New Catalyst Marks Major Step in The March Toward Hydrogen Fuel



Climate change concerns, high gas prices,
and a good deal of international friction
would fade if scientists could learn a trick
every houseplant knows: how to absorb sunlight
and store its energy in chemical bonds.
What’s needed are catalysts capable of taking
electricity and using it to split water to
generate hydrogen gas, a clean fuel. Unfortunately,
the catalysts discovered so far work
under harsh chemical conditions, and the
best ones are made from platinum, a rare and
expensive metal.
No more. This week, researchers at the
Massachusetts Institute of Technology
(MIT) in Cambridge led by chemist Daniel
Nocera report online in Science a new watersplitting
catalyst that works under environmentally
friendly conditions (www.
sciencemag.org/cgi/content/abstract/1162018).
More important, it’s made from cobalt and
phosphorus, fairly cheap and abundant elements.
The new catalyst needs improvements
before it can solve the world’s energy
problems, but several outside researchers
say it’s a crucial development.
“This is a great result,” says John Turner,
an electrochemist and water-splitting expert
at the National Renewable Energy Laboratory
in Golden, Colorado. Thomas Moore, a
chemist at Arizona State University in
Tempe, goes further. “It’s a big-to-giant
step” in the direction of powering industrial
societies with renewable fuels, he says. “I’d
say it’s a breakthrough.” Meanwhile, on
pages 671 and 676, other groups report
related advances—a cheap plastic fuel cell
catalyst that converts hydrogen to electricity,
and a solid oxide fuel cell catalyst that operates
at lower temperatures—that affect
another vital component of any future solar
hydrogen system.
English chemists first used electricity to
split water more than 200 years ago. The reaction
requires two separate catalytic steps. The
f irst, the positively charged electrode, or
anode, swipes electrons from hydrogen atoms
in water molecules. The result is that protons
(hydrogen atoms minus their electrons) break
away from their oxygen atoms. The anode
catalyst then grabs two oxygen atoms and
welds them together to make O2. Meanwhile,
the free protons drift through the solution to
the negatively charged electrode, or cathode,
where they hook up with electrons to make
molecular hydrogen (H2).
The hard part is finding catalysts that can
orchestrate this dance of electrons and protons.

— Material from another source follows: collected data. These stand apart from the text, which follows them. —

(* Let $(\Omega,\Sigma,\mathbb{P})$ be an admissible measure space where $\mathbb{P}$ is a probability measure without atoms, and let $\mathcal{J}(\mathbb{P})$ be the set of all Banach ideal spaces $E$ on $(\Omega,\Sigma,\mathbb{P})$ of maximal width satisfying the norming condition $\|\chi_\Omega\|_E=1$ (spaces $E,F$ identified when $E\subset^1F$ and $F\subset^1E$). Then the lattice $\langle\mathcal{J}(\mathbb{P}),\vee,\wedge\rangle$, with $E\vee F=E+F$ and $E\wedge F=E\cap F$ (ordered by $\subset^{1}$), is Dedekind complete.
   Context: $L_0(\mathbb{P})$ is the vector lattice of classes of measurable real functions on $\Omega$, ordered a.e.; $\chi_A$ is the indicator function of $A$. Admissible measure space: $\mu$ complete; a set $A\subset\Omega$ with $A\cap B\in\Sigma$ for all $B\in\Sigma$ of finite measure lies in $\Sigma$; $\mu$ semifinite; $\mu$ has the direct sum property (a family of pairwise disjoint finite-measure sets $A_i$ such that each finite-measure $B$ is, up to a null set, a countable union of sets $B\cap A_i$). A Banach ideal space (BIS) is a vector subspace $E\subset L_0$ with complete norm such that $y\in E$, $|x|\le|y|$ a.e. imply $x\in E$, $\|x\|_E\le\|y\|_E$. Maximal width: the only $z\in L_0$ with $zy=0$ for all $y\in E$ is $z=0$. $E\subset^1F$: $E\subseteq F$ and $\|x\|_F\le\|x\|_E$ for $x\in E$. $\|x\|_{E\cap F}=\max\{\|x\|_E,\|x\|_F\}$; $\|x\|_{E+F}=\inf\{\|u\|_E+\|v\|_F:u+v=x\}$. Dedekind complete: every nonempty subset bounded above has a least upper bound and every nonempty subset bounded below has a greatest lower bound in $\langle\mathcal{J}(\mathbb{P}),\subset^1\rangle$. *)

theory Defs
  imports "HOL-Probability.Probability"
begin

definition complete_msr :: "'a measure \<Rightarrow> bool" where
  "complete_msr M \<longleftrightarrow> (\<forall>A \<in> null_sets M. \<forall>B. B \<subseteq> A \<longrightarrow> B \<in> sets M)"

definition locally_determined :: "'a measure \<Rightarrow> bool" where
  "locally_determined M \<longleftrightarrow>
     (\<forall>A. A \<subseteq> space M \<longrightarrow>
        (\<forall>B \<in> sets M. emeasure M B < \<infinity> \<longrightarrow> A \<inter> B \<in> sets M) \<longrightarrow> A \<in> sets M)"

definition semifinite_msr :: "'a measure \<Rightarrow> bool" where
  "semifinite_msr M \<longleftrightarrow>
     (\<forall>A \<in> sets M. emeasure M A = \<infinity> \<longrightarrow>
        (\<exists>B \<in> sets M. B \<subseteq> A \<and> 0 < emeasure M B \<and> emeasure M B < \<infinity>))"

definition direct_sum_property :: "'a measure \<Rightarrow> bool" where
  "direct_sum_property M \<longleftrightarrow>
     (\<exists>\<A>. \<A> \<subseteq> sets M \<and> disjoint \<A> \<and> (\<forall>A \<in> \<A>. emeasure M A < \<infinity>) \<and>
        (\<forall>B \<in> sets M. emeasure M B < \<infinity> \<longrightarrow>
           (\<exists>\<C>. \<C> \<subseteq> \<A> \<and> countable \<C> \<and>
               B - (\<Union>A\<in>\<C>. B \<inter> A) \<in> null_sets M)))"

definition admissible :: "'a measure \<Rightarrow> bool" where
  "admissible M \<longleftrightarrow> complete_msr M \<and> locally_determined M \<and> semifinite_msr M
                     \<and> direct_sum_property M"

definition atomless :: "'a measure \<Rightarrow> bool" where
  "atomless M \<longleftrightarrow>
     (\<forall>A \<in> sets M. 0 < emeasure M A \<longrightarrow>
        (\<exists>B \<in> sets M. B \<subseteq> A \<and> 0 < emeasure M B \<and> emeasure M B < emeasure M A))"

text \<open>Elements of L_0 are represented by measurable real functions; a space is a set of
  such functions together with a norm functional (only its values on the set matter).
  The ideal property makes the set closed under a.e.-equality and the norm a.e.-invariant,
  so this represents a space of equivalence classes.\<close>

type_synonym 'a bis = "('a \<Rightarrow> real) set \<times> (('a \<Rightarrow> real) \<Rightarrow> real)"

definition is_BIS :: "'a measure \<Rightarrow> 'a bis \<Rightarrow> bool" where
  "is_BIS M X \<longleftrightarrow> (case X of (E, N) \<Rightarrow>
     E \<subseteq> borel_measurable M \<and>
     (\<lambda>_. 0) \<in> E \<and>
     (\<forall>x\<in>E. \<forall>y\<in>E. (\<lambda>t. x t + y t) \<in> E) \<and>
     (\<forall>c::real. \<forall>x\<in>E. (\<lambda>t. c * x t) \<in> E) \<and>
     (\<forall>x\<in>E. \<forall>y\<in>E. N (\<lambda>t. x t + y t) \<le> N x + N y) \<and>
     (\<forall>c::real. \<forall>x\<in>E. N (\<lambda>t. c * x t) = \<bar>c\<bar> * N x) \<and>
     (\<forall>x\<in>E. N x = 0 \<longleftrightarrow> (AE t in M. x t = 0)) \<and>
     (\<forall>f :: nat \<Rightarrow> 'a \<Rightarrow> real. (\<forall>n. f n \<in> E) \<longrightarrow>
        (\<forall>\<epsilon>>0. \<exists>K. \<forall>m\<ge>K. \<forall>n\<ge>K. N (\<lambda>t. f m t - f n t) < \<epsilon>) \<longrightarrow>
        (\<exists>g\<in>E. (\<lambda>n. N (\<lambda>t. f n t - g t)) \<longlonglongrightarrow> 0)) \<and>
     (\<forall>x \<in> borel_measurable M. \<forall>y\<in>E. (AE t in M. \<bar>x t\<bar> \<le> \<bar>y t\<bar>) \<longrightarrow>
        x \<in> E \<and> N x \<le> N y))"

definition maximal_width :: "'a measure \<Rightarrow> 'a bis \<Rightarrow> bool" where
  "maximal_width M X \<longleftrightarrow>
     (\<forall>z \<in> borel_measurable M. (\<forall>y \<in> fst X. AE t in M. z t * y t = 0) \<longrightarrow>
        (AE t in M. z t = 0))"

definition J_class :: "'a measure \<Rightarrow> 'a bis set" where
  "J_class M = {X. is_BIS M X \<and> maximal_width M X \<and>
                   (\<lambda>_. 1) \<in> fst X \<and> snd X (\<lambda>_. 1) = 1}"

definition sub1 :: "'a bis \<Rightarrow> 'a bis \<Rightarrow> bool" where
  "sub1 X Y \<longleftrightarrow> fst X \<subseteq> fst Y \<and> (\<forall>x \<in> fst X. snd Y x \<le> snd X x)"

text \<open>Dedekind completeness of a set with respect to a preorder (modulo the induced
  equivalence): every nonempty subset bounded above has a least upper bound in the set,
  and every nonempty subset bounded below has a greatest lower bound in the set.\<close>
definition dedekind_complete :: "'b set \<Rightarrow> ('b \<Rightarrow> 'b \<Rightarrow> bool) \<Rightarrow> bool" where
  "dedekind_complete J le \<longleftrightarrow>
     (\<forall>S. S \<subseteq> J \<and> S \<noteq> {} \<and> (\<exists>U\<in>J. \<forall>X\<in>S. le X U) \<longrightarrow>
        (\<exists>L\<in>J. (\<forall>X\<in>S. le X L) \<and> (\<forall>U\<in>J. (\<forall>X\<in>S. le X U) \<longrightarrow> le L U))) \<and>
     (\<forall>S. S \<subseteq> J \<and> S \<noteq> {} \<and> (\<exists>U\<in>J. \<forall>X\<in>S. le U X) \<longrightarrow>
        (\<exists>L\<in>J. (\<forall>X\<in>S. le L X) \<and> (\<forall>U\<in>J. (\<forall>X\<in>S. le U X) \<longrightarrow> le U L)))"

end

theory Submission
  imports Defs
begin

text \<open>Every nonempty family in J(P) has an infimum: the intersection of its members,
  normed by the supremum of the norms and restricted to the functions where this supremum
  is finite. It contains the constant 1 with norm 1, hence has maximal width. It is complete
  because a Cauchy sequence is Cauchy in every member; its limits in different members agree
  a.e., since norm convergence in a Banach ideal space forces a.e. convergence along a
  subsequence; and the convergence is uniform over the family. The supremum of a nonempty set
  bounded above is then the infimum of its upper bounds.\<close>

section \<open>Banach ideal spaces\<close>

lemma is_BIS_measurable: "is_BIS M X \<Longrightarrow> x \<in> fst X \<Longrightarrow> x \<in> borel_measurable M"
  by (cases X) (auto simp: is_BIS_def)

lemma is_BIS_zero: "is_BIS M X \<Longrightarrow> (\<lambda>_. 0) \<in> fst X"
  by (cases X) (simp add: is_BIS_def)

lemma is_BIS_add: "is_BIS M X \<Longrightarrow> x \<in> fst X \<Longrightarrow> y \<in> fst X \<Longrightarrow> (\<lambda>t. x t + y t) \<in> fst X"
  by (cases X) (simp add: is_BIS_def)

lemma is_BIS_scale: "is_BIS M X \<Longrightarrow> x \<in> fst X \<Longrightarrow> (\<lambda>t. c * x t) \<in> fst X"
  by (cases X) (simp add: is_BIS_def)

lemma is_BIS_norm_add:
  "is_BIS M X \<Longrightarrow> x \<in> fst X \<Longrightarrow> y \<in> fst X \<Longrightarrow> snd X (\<lambda>t. x t + y t) \<le> snd X x + snd X y"
  by (cases X) (simp add: is_BIS_def)

lemma is_BIS_norm_scale: "is_BIS M X \<Longrightarrow> x \<in> fst X \<Longrightarrow> snd X (\<lambda>t. c * x t) = \<bar>c\<bar> * snd X x"
  by (cases X) (simp add: is_BIS_def)

lemma is_BIS_norm_eq_0_iff: "is_BIS M X \<Longrightarrow> x \<in> fst X \<Longrightarrow> snd X x = 0 \<longleftrightarrow> (AE t in M. x t = 0)"
  by (cases X) (simp add: is_BIS_def)

lemma is_BIS_complete:
  "is_BIS M X \<Longrightarrow> (\<And>n. f n \<in> fst X) \<Longrightarrow>
    \<forall>\<epsilon>>0. \<exists>K. \<forall>m\<ge>K. \<forall>n\<ge>K. snd X (\<lambda>t. f m t - f n t) < \<epsilon> \<Longrightarrow>
    \<exists>g\<in>fst X. (\<lambda>n. snd X (\<lambda>t. f n t - g t)) \<longlonglongrightarrow> 0"
  by (cases X) (simp add: is_BIS_def)

lemma is_BIS_ideal:
  "is_BIS M X \<Longrightarrow> x \<in> borel_measurable M \<Longrightarrow> y \<in> fst X \<Longrightarrow> AE t in M. \<bar>x t\<bar> \<le> \<bar>y t\<bar> \<Longrightarrow>
    x \<in> fst X \<and> snd X x \<le> snd X y"
  by (cases X) (simp add: is_BIS_def)

lemma is_BIS_diff: "is_BIS M X \<Longrightarrow> x \<in> fst X \<Longrightarrow> y \<in> fst X \<Longrightarrow> (\<lambda>t. x t - y t) \<in> fst X"
  using is_BIS_add[of M X x "\<lambda>t. (-1) * y t"] is_BIS_scale[of M X y "-1"] by simp

lemma is_BIS_norm_zero: "is_BIS M X \<Longrightarrow> snd X (\<lambda>_. 0) = 0"
  using is_BIS_zero is_BIS_norm_eq_0_iff by fastforce

lemma is_BIS_norm_nonneg:
  assumes "is_BIS M X" "x \<in> fst X"
  shows "0 \<le> snd X x"
proof -
  have "0 = snd X (\<lambda>t. x t + (-1) * x t)"
    using is_BIS_norm_zero[OF assms(1)] by simp
  also have "\<dots> \<le> snd X x + snd X (\<lambda>t. (-1) * x t)"
    using assms by (intro is_BIS_norm_add is_BIS_scale)
  also have "\<dots> = 2 * snd X x"
    using is_BIS_norm_scale[OF assms, of "-1"] by simp
  finally show ?thesis by simp
qed

lemma is_BIS_norm_diff_commute:
  assumes "is_BIS M X" "x \<in> fst X" "y \<in> fst X"
  shows "snd X (\<lambda>t. x t - y t) = snd X (\<lambda>t. y t - x t)"
  using is_BIS_norm_scale[OF assms(1) is_BIS_diff[OF assms(1,3,2)], of "-1"] by simp

lemma is_BIS_norm_diff_triangle:
  assumes "is_BIS M X" "x \<in> fst X" "y \<in> fst X" "z \<in> fst X"
  shows "snd X (\<lambda>t. x t - z t) \<le> snd X (\<lambda>t. x t - y t) + snd X (\<lambda>t. y t - z t)"
  using is_BIS_norm_add[OF assms(1) is_BIS_diff[OF assms(1,2,3)] is_BIS_diff[OF assms(1,3,4)]]
  by simp

lemma is_BIS_AE_cong:
  assumes B: "is_BIS M X" and y: "y \<in> fst X" and x: "x \<in> borel_measurable M"
    and eq: "AE t in M. x t = y t"
  shows "x \<in> fst X \<and> snd X x = snd X y"
proof -
  have "x \<in> fst X \<and> snd X x \<le> snd X y"
    using eq by (intro is_BIS_ideal[OF B x y]) auto
  moreover have "snd X y \<le> snd X x"
    using eq calculation by (intro is_BIS_ideal[OF B is_BIS_measurable[OF B y], THEN conjunct2]) auto
  ultimately show ?thesis by simp
qed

The anode, which links oxygens
together, has been a particularly difficult
challenge. Platinum works but is too expensive
and rare to be viable on an industrial
scale. “If we are going to use solar energy in
a direct conversion process, we need to cover
large areas,” Turner says. “That makes a lowcost
catalyst a must.” Other metals and metal
oxides can do the job but not at a neutral
pH—another key to keeping costs down. In
2004, Nocera’s team reported in the Journal
of the American Chemical Society a cobaltbased
catalyst that did the reverse reaction,
catalyzing the production of water from O2,
protons, and electrons. “That told us cobalt
could manage multielectron and protoncoupled
reactions,” Nocera says.
Unfortunately, cobalt is useless as a
standalone water-splitting anode because it
dissolves in water. Nocera and his Ph.D. student
Matthew Kanan knew they couldn’t get
over this hurdle. So they went around it
instead. For their anode, they started with a
stable electrode material known as indium tin
oxide (ITO). They then placed their anode in
a beaker of water, which they spiked with
cobalt (Co2+) and potassium phosphate.
When they flipped on the current, this created
a positive charge in the ITO. Kanan and
Nocera believe this initially pulls electrons
from the Co2+, turning it first to Co3+, which
pairs up with negatively charged phosphate
ions and precipitates out of solution, forming
a film of rocklike cobalt phosphate atop
the ITO. Another electron is yanked from the
Co3+ in the film to make Co4+, although the
mechanism has not yet been nailed down.
The film forms the critical water-splitting
catalyst. As it does so, it swipes electrons
from hydrogen atoms in water and then grabs
hold of lone oxygen atoms and welds them
together. In the process, the Co4+ returns to
Co2+ and again dissolves into the water, and
the cycle is repeated.
The catalyst isn’t perfect. It still requires
excess electricity to start the water-splitting
reaction, energy that isn’t recovered and
stored in the fuel. And for now, the catalyst
can accept only low levels of electrical current.
Nocera says he’s hopeful that both problems
can be solved, and because the catalysts
are so easy to make, he expects progress will
be swift. Further work is also needed to
reduce the cost of cathodes and to link the
electrodes to solar cells to provide clean electricity.
A final big push will be to see if the
catalyst or others like it can operate in seawater.
If so, future societies could use sunlight
to generate hydrogen from seawater and
then pipe it to large banks of fuel cells on
shore that could convert it into electricity and
fresh water, thereby using the sun and oceans
to fill two of the world’s greatest needs.